Note the review on the homepage under the Lectures button at the top of the page.

At the end of the Assignments page is a link to lecture notes from Fall 02. The Class 1213 notes contain many problems from a practice final, starting about halfway down the page. The material that precedes the practice final questions might be useful also.

A 117-cm pendulum starts out 10 cm from equilibrium, to the left of equilibrium, at t = 0.

It is given enough velocity that it swings out to a 15 cm displacement before beginning its return to equilibrium.

What speed did it have at the 10 cm position?

Listing things we know about this situation:

Max displacement will be 15 cm.
Mass is 1 kg.
Length is 117 cm.
g = 9.8 m/s^2.

Shoulda been listed first, before you even finished reading the problem:

omega = sqrt(k/m)
k = m g / L

Shoulda been listed promptly:

PE = .5 k x^2

We are interested in something that has to do with the 10 cm and 15 cm positions. It would be easy and reasonable to find the PE at both of these points.

We first note that k = m g / L = 1 kg * 9.8 m/s^2 / 1.17 m = 8.3 N / m, approx..

We obtain

PE at 10 cm position = .042 J
PE at 15 cm position = .094 J approx..

We assume that there are no dissipative forces. In this case `dPE = - `dKE.
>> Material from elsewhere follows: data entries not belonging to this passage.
lemma newton_map_trap:
  assumes z: "z \<in> trap_region"
  shows "newton_map g z \<in> trap_region"
proof -
  define z' where "z' = newton_map g z"
  have zK: "z \<in> K" and z0K: "z0 \<in> K"
    using trap_region_subset_K[OF z] norm_a_pos by auto
  have taylor_sq: "norm a ^ 2 / 100 * norm w ^ 2 \<le> c ^ 2 / 100" if "norm a * norm w \<le> c" for w c
    using that power_mono[OF that, of 2] by (simp add: power_mult_distrib)
  have step: "norm a * norm (z' - z) \<le> 14/100"
    using newton_step_small[OF z] by (simp add: z'_def)
  have "norm a * norm (z' - z0) \<le> norm a * norm (z' - z) + norm a * norm (z - z0)"
    using norm_triangle_ineq[of "z' - z" "z - z0"] norm_a_pos
    by (simp add: distrib_left[symmetric] mult_left_mono)
  also have "\<dots> \<le> 14/100 + 1"
    using step z norm_a_pos by (intro add_mono) (auto simp: field_simps)
  finally have z'_z0: "norm a * norm (z' - z0) \<le> 114/100"
    by simp
  then have z'K: "z' \<in> K"
    using norm_a_pos by (simp add: dist_norm norm_minus_commute field_simps)
  have "Q z' - Q z0 = (Q z - Q z0 - g z / (H z * exp (Q z))) + (Q z' - Q z - Q' z * (z' - z))"
    using Q'_nonzero[OF zK] by (simp add: z'_def newton_step_eq[OF zK])
  moreover have "norm (Q z' - Q z - Q' z * (z' - z)) \<le> (14/100) ^ 2 / 100"
    using Q_taylor[OF zK z'K] taylor_sq[OF step] by simp
  ultimately have new_u: "norm (Q z' - Q z0) \<le> 517/10000"
    using newton_quotient_close[OF z]
      norm_triangle_ineq[of "Q z - Q z0 - g z / (H z * exp (Q z))" "Q z' - Q z - Q' z * (z' - z)"]
    by (simp add: norm_minus_commute power2_eq_square)
  have "norm (Q z' - Q z0 - a * (z' - z0)) \<le> (114/100) ^ 2 / 100"
    using Q_taylor[OF z0K z'K] taylor_sq[OF z'_z0] by simp
  moreover have "norm a * norm (z' - z0) \<le> norm (Q z' - Q z0) + norm (Q z' - Q z0 - a * (z' - z0))"
    by (metis norm_mult norm_triangle_sub add.commute diff_add_cancel norm_minus_commute)
  ultimately have "norm a * norm (z' - z0) < 1"
    using new_u by (simp add: power2_eq_square)
  with new_u show ?thesis
    using norm_a_pos by (simp add: z'_def field_simps)
qed

lemma g_holomorphic: "g holomorphic_on S"
  using g_deriv holomorphic_on_def field_differentiable_at_within field_differentiable_def by blast
lemma lipschitz_on_gmap:
  fixes r :: "nat \<Rightarrow> 'a::metric_space \<Rightarrow> 'a" and \<psi> :: "nat \<Rightarrow> 'a \<Rightarrow> 'z::metric_space"
  assumes "m \<ge> 1" "\<And>n. n \<in> {1..m} \<Longrightarrow> lipschitz_on (l n) UNIV (r n)"
    and "lipschitz_on C UNIV (\<psi> m)"
  shows "lipschitz_on (C * l m ^ (L - 1) * (\<Prod>n\<in>{1..<m}. l n ^ L)) UNIV (gmap \<psi> r L m)"
proof -
  have "lipschitz_on (\<Prod>n\<in>{1..m - 1}. l n ^ L) UNIV (blocks r L (m - 1))"
    using assms(2) by (intro lipschitz_on_blocks) auto
  moreover have "{1..m - 1} = {1..<m}"
    using assms(1) by auto
  moreover have "lipschitz_on (C * l m ^ (L - 1)) UNIV (\<psi> m \<circ> (r m ^^ (L - 1)))"
    using assms by (intro lipschitz_on_compose lipschitz_on_funpow lipschitz_on_subset[OF assms(3)]) auto
  ultimately show ?thesis
    unfolding gmap_def by (metis lipschitz_on_compose lipschitz_on_subset mult.commute subset_UNIV)
qed

lemma Max_offdiag_le_cmult:
  fixes f g :: "'i \<Rightarrow> 'i \<Rightarrow> ereal"
  assumes "finite I" "card I \<ge> 2" "k \<ge> 0"
    and "\<And>i j. i \<in> I \<Longrightarrow> j \<in> I \<Longrightarrow> i \<noteq> j \<Longrightarrow> f i j \<le> ereal k * g i j"
  shows "Max {f i j | i j. i \<in> I \<and> j \<in> I \<and> i \<noteq> j} \<le> ereal k * Max {g i j | i j. i \<in> I \<and> j \<in> I \<and> i \<noteq> j}"
proof -
  have fin: "finite {h i j | i j. i \<in> I \<and> j \<in> I \<and> i \<noteq> j}" for h :: "'i \<Rightarrow> 'i \<Rightarrow> ereal"
  proof (rule finite_subset)
    show "{h i j | i j. i \<in> I \<and> j \<in> I \<and> i \<noteq> j} \<subseteq> case_prod h ` (I \<times> I)"
      by force
  qed (use assms(1) in simp)
  have "\<not> card I \<le> Suc 0"
    using assms(2) by simp
  then obtain i0 j0 where "i0 \<in> I" "j0 \<in> I" "i0 \<noteq> j0"
    using card_le_Suc0_iff_eq[OF assms(1)] by blast
  then have ne: "{h i j | i j. i \<in> I \<and> j \<in> I \<and> i \<noteq> j} \<noteq> {}" for h :: "'i \<Rightarrow> 'i \<Rightarrow> ereal"
    by (auto intro!: exI[of _ "h i0 j0"])
  show ?thesis
  proof (subst Max_le_iff[OF fin ne], safe)
    fix i j assume ij: "i \<in> I" "j \<in> I" "i \<noteq> j"
    have "f i j \<le> ereal k * g i j"
      using ij by (rule assms(4))
    also have "\<dots> \<le> ereal k * Max {g i j | i j. i \<in> I \<and> j \<in> I \<and> i \<noteq> j}"
      using ij assms(3) by (intro ereal_mult_left_mono Max_ge[OF fin]) auto
    finally show "f i j \<le> ereal k * Max {g i j | i j. i \<in> I \<and> j \<in> I \<and> i \<noteq> j}" .
  qed
qed

lemma lipschitz_on_comp_gmap_residual:
  fixes \<psi> :: "nat \<Rightarrow> 'a::euclidean_space \<Rightarrow> 'z::metric_space" and \<xi> :: "nat \<Rightarrow> 'z \<Rightarrow> 'a"
    and \<sigma> :: "'z \<Rightarrow> 'y::metric_space"
  assumes m: "m \<ge> 1"
    and \<psi>: "\<And>n. n \<in> {1..m} \<Longrightarrow> lipschitz_on (C\<psi> n) UNIV (\<psi> n)"
    and \<xi>: "\<And>n. n \<in> {1..m} \<Longrightarrow> lipschitz_on (C\<xi> n) UNIV (\<xi> n)"
    and \<sigma>: "lipschitz_on C\<sigma> UNIV \<sigma>"
    and r: "\<And>n x. r n x = x - \<xi> n (\<psi> n x)"
  shows "lipschitz_on (C\<sigma> * C\<psi> m * (1 + C\<psi> m * C\<xi> m) ^ (L - 1)
                        * (\<Prod>n\<in>{1..<m}. (1 + C\<psi> n * C\<xi> n) ^ L)) UNIV (\<sigma> \<circ> gmap \<psi> r L m)"
proof -
  have "lipschitz_on (1 + C\<psi> n * C\<xi> n) UNIV (r n)" if "n \<in> {1..m}" for n
    using lipschitz_on_residual[OF \<psi>[OF that] \<xi>[OF that]] by (simp add: r[abs_def])
  then have "lipschitz_on (C\<psi> m * (1 + C\<psi> m * C\<xi> m) ^ (L - 1) * (\<Prod>n\<in>{1..<m}. (1 + C\<psi> n * C\<xi> n) ^ L))
               UNIV (gmap \<psi> r L m)"
    using m \<psi> by (intro lipschitz_on_gmap) auto
  then show ?thesis
    using lipschitz_on_compose[OF _ lipschitz_on_subset[OF \<sigma>]] by (simp add: mult.assoc)
qed

theorem theorem1:
  fixes K M L :: nat
    and P :: "nat \<Rightarrow> 'a::euclidean_space measure"
    and \<psi> :: "nat \<Rightarrow> 'a \<Rightarrow> 'z::euclidean_space"
    and \<xi> :: "nat \<Rightarrow> 'z \<Rightarrow> 'a"
    and \<sigma> :: "'z \<Rightarrow> 'z"
    and Zt :: "'z set"
    and Cpsi Cxi :: "nat \<Rightarrow> real"
    and Csig \<epsilon> :: real
    and r :: "nat \<Rightarrow> 'a \<Rightarrow> 'a"
  assumes K2: "K \<ge> 2"
    and L1: "L \<ge> 1"
    and P_prob: "\<And>i. i \<in> {1..K} \<Longrightarrow> prob_space (P i)"
    and P_borel: "\<And>i. i \<in> {1..K} \<Longrightarrow> sets (P i) = sets borel"
    and P_mom: "\<And>i. i \<in> {1..K} \<Longrightarrow> integrable (P i) (\<lambda>x. (norm x)\<^sup>2)"
    and psi_lip: "\<And>m. m \<in> {1..M} \<Longrightarrow> lipschitz_on (Cpsi m) UNIV (\<psi> m)"
    and xi_lip: "\<And>m. m \<in> {1..M} \<Longrightarrow> lipschitz_on (Cxi m) UNIV (\<xi> m)"
    and sig_lip: "lipschitz_on Csig UNIV \<sigma>"
    and sig_range: "\<sigma> ` UNIV \<subseteq> Zt"
    and r_def: "\<And>m x. r m x = x - \<xi> m (\<psi> m x)"
    and eps: "\<epsilon> \<ge> 0"
  shows
    "(\<Sum>m\<in>{1..M}. Max {sinkhorn \<epsilon> (distr (P i) borel (\<sigma> \<circ> gmap \<psi> r L m))
                                    (distr (P j) borel (\<sigma> \<circ> gmap \<psi> r L m))
                        | i j. i \<in> {1..K} \<and> j \<in> {1..K} \<and> i \<noteq> j})
     \<le> ereal (\<Sum>m\<in>{1..M}. max ((Csig * Cpsi m * (1 + Cpsi m * Cxi m) ^ (L - 1)
                              * (\<Prod>n\<in>{1..<m}. (1 + Cpsi n * Cxi n) ^ L))\<^sup>2) 1)
       * Max {W_ent \<epsilon> (P i) (P j) | i j. i \<in> {1..K} \<and> j \<in> {1..K} \<and> i \<noteq> j}"
proof -
  define c where "c m = Csig * Cpsi m * (1 + Cpsi m * Cxi m) ^ (L - 1)
                          * (\<Prod>n\<in>{1..<m}. (1 + Cpsi n * Cxi n) ^ L)" for m
  define W where "W = Max {W_ent \<epsilon> (P i) (P j) | i j. i \<in> {1..K} \<and> j \<in> {1..K} \<and> i \<noteq> j}"
  have layer_lip: "lipschitz_on (c m) UNIV (\<sigma> \<circ> gmap \<psi> r L m)" if "m \<in> {1..M}" for m
    unfolding c_def using that
    by (intro lipschitz_on_comp_gmap_residual[where \<xi> = \<xi>] psi_lip xi_lip sig_lip r_def) auto
  have "Max {sinkhorn \<epsilon> (distr (P i) borel (\<sigma> \<circ> gmap \<psi> r L m)) (distr (P j) borel (\<sigma> \<circ> gmap \<psi> r L m))
                | i j. i \<in> {1..K} \<and> j \<in> {1..K} \<and> i \<noteq> j} \<le> ereal (max ((c m)\<^sup>2) 1) * W"
    if "m \<in> {1..M}" for m
    unfolding W_def using K2
    by (intro Max_offdiag_le_cmult order.trans[OF sinkhorn_le_W_ent W_ent_distr_le]
              layer_lip[OF that] eps) auto
  then have "(\<Sum>m\<in>{1..M}. Max {sinkhorn \<epsilon> (distr (P i) borel (\<sigma> \<circ> gmap \<psi> r L m))
                                          (distr (P j) borel (\<sigma> \<circ> gmap \<psi> r L m))
                              | i j. i \<in> {1..K} \<and> j \<in> {1..K} \<and> i \<noteq> j})
      \<le> (\<Sum>m\<in>{1..M}. ereal (max ((c m)\<^sup>2) 1) * W)"
    by (rule sum_mono)
  also have "\<dots> = ereal (\<Sum>m\<in>{1..M}. max ((c m)\<^sup>2) 1) * W"
    by (subst sum_ereal[symmetric], subst sum_ereal_left_distrib) (auto simp: le_max_iff_disj)
  finally show ?thesis
    unfolding c_def W_def .
qed

end
theorem lemma3p2:
  fixes q k :: nat and n :: "nat \<Rightarrow> nat"
  assumes "prime q"
  shows "((\<forall>i<k. n i \<in> {1..q-1}) \<and> mult_dependent k n \<longrightarrow> Fq_dependent q k n)
    \<and> (real k < plog (real q) / (10 * plog2 (real q)) \<and> (\<forall>i<k. n i \<in> {2..q-1}) \<longrightarrow>
         (mult_independent k n \<longleftrightarrow> Fq_independent q k n))"
proof (intro conjI impI)
  assume "(\<forall>i<k. n i \<in> {1..q-1}) \<and> mult_dependent k n"
  then show "Fq_dependent q k n" using mult_dependent_imp_Fq_dependent[OF assms] by blast
next
  assume small: "real k < plog (real q) / (10 * plog2 (real q)) \<and> (\<forall>i<k. n i \<in> {2..q-1})"
  then have "\<forall>i<k. n i \<in> {1..q-1}" by auto
  then show "mult_independent k n \<longleftrightarrow> Fq_independent q k n"
    unfolding mult_independent_def Fq_independent_def
    using mult_dependent_imp_Fq_dependent[OF assms] Fq_dependent_imp_mult_dependent[OF assms] small
    by blast
qed

end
We conclude that from the 10 cm position to the 15 cm position we have `dKE = .042 J - .094 J = -.052 J.

We know also that the KE at the 15 cm position is 0.

From this we conclude that the KE at the 10 cm position musta been .052 J. That's the only way it's gonna lose .052 J and end up with KE = 0.

We now easily find the velocity at the 10 cm position. We have KE = .052 J so

.5 m v^2 = KE, telling us that
v = sqrt( 2 KE / m) = sqrt( 2 * .052 J / (1 kg) ) = .32 m/s.

Describe in detail the reference-circle model for this motion.

Angular frequency is omega = sqrt(k/m) = ... = 2.89 rad / sec, approx..

At t = 0 the reference circle position has the characteristic that the vertical line is at x = - 10 cm (this is 10 cm from equilbrium and to the left of equilibrium).

Our reference circle has radius 15 cm. The reference circle position is therefore in either the second or third quadrant.

If the reference circle position is in the third quadrant the motion will start off to the right.

The angular position at the start is theta_0 = arccos(-10 / 15).

The equation of motion for the SHM is given by

x = 15 cm cos(2.89 rad/s * t + theta_0).